Concerning the direct relationship between traits and environment, our results (RLQ) showed that the presence of the opercular gill may provide better establishment in environments altered by mining, like streams with a higher iron concentration and turbidity. Ephemeroptera nymphs are morphologically adapted and their gill adaptations have several functions (Zhou & Zheng, 2010), for example, breathing (Eriksen & Mœur, 1990), and protection of the lower gills (opercular gill), as observed in individuals of the family Caenidae (Notestine, 1994). The opercular gills have a protective function and cover the respiratory gills, protecting them from the suspended solids and sedimentation that can impair the absorption of oxygen (Salles et al., 2014). The genera Amanahyphes, Brasilocaenis, Caenis, Leptohyphes, Tricorythodes, Traverhyphes, and Tricorythopsis have an opercular gill and can therefore become better established in streams disturbed by mining, such as in environments with sedimentation (standing water or increased turbidity), than genera that do not have this type of gill. Our results also showed that the increase in total manganese reduced the occurrence of filterer genera. Some Ephemeroptera nymphs feed on debris and are, therefore, highly sensitive to changes in the substrate and any toxic material entering the water (Landa & Soldán, 1995). Metals such as iron and manganese are indicators of organic pollution (Baker et al., 2019) and can be toxic to aquatic organisms. Our results confirmed the negative effect that these variables can have, reducing the occurrence of organisms sensitive to this alteration.

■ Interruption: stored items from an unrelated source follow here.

lemma hidden_state_Suc:
  "hidden_state (Suc i) x = layer (if i = 0 then n else Suc d) (Suc d) (hidden_layer i) (hidden_state i x)"
proof (cases i)
  case 0
  then show ?thesis by (simp add: hidden_state_def feedforward_Cons_Cons)
next
  case (Suc j)
  have replicate_Suc_i: "n # replicate (Suc i) (Suc d) = (n # replicate j (Suc d)) @ [Suc d, Suc d]"
    and replicate_i: "n # replicate i (Suc d) = (n # replicate j (Suc d)) @ [Suc d]"
    using Suc by (simp_all add: replicate_append_same[symmetric])
  have map_Suc_i: "map hidden_layer [0..<Suc i] = map hidden_layer [0..<i] @ [hidden_layer i]"
    by simp
  have "hidden_state (Suc i) x = layer (Suc d) (Suc d) (hidden_layer i) (hidden_state i x)"
    unfolding hidden_state_def replicate_Suc_i replicate_i map_Suc_i
    by (intro feedforward_snoc) (simp add: Suc)
  then show ?thesis
    using Suc by simp
qed

lemma hidden_state_first_hit:
  assumes "inRn n x" and "k < N" and "x \<in> eball n (c k) (r k)"
    and "\<forall>j<k. x \<notin> eball n (c j) (r j)" and "i < N"
  shows "hidden_state (Suc i) x = (if i < k then searching i x else settled k i)"
  using assms(5)
proof (induction i)
  case 0
  have "hidden_state 0 x = x"
    by (simp add: hidden_state_def)
  then show ?case
    using layer_first[OF assms(1)] assms(2-4) by (auto simp: hidden_state_Suc)
next
  case (Suc i)
  then have IH: "hidden_state (Suc i) x = (if i < k then searching i x else settled k i)"
    by simp
  show ?case
  proof (cases "i < k")
    case True
    then consider "Suc i < k" | "Suc i = k" by linarith
    then show ?thesis
      using IH True layer_searching[OF assms(1) Suc.prems] assms(3,4) by cases (simp_all add: hidden_state_Suc)
  next
    case False
    then show ?thesis
      using IH layer_settled[OF Suc.prems assms(2)] by (simp add: hidden_state_Suc)
  qed
qed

We conclude that mining impacts can be observed at the level of functional traits, mainly in the variation (beta) between communities in environments under different environmental impacts, and in the relationship of functional traits with limnological variables. The analyses performed during this study showed that functional beta diversity and its components were tools to demonstrate anthropogenic effects on the composition and functional traits of Ephemeroptera genera. We also emphasize the importance of the functional study of communities, which indicates community structuring mechanisms that are not always achieved by taxonomic diversity. Therefore, we suggest that a functional beta diversity approach be used to complement results in future studies. We also emphasize that preserved areas should be prioritized, and that areas altered by mining may be selecting species of Ephemeroptera with similar traits that are resistant to these changes.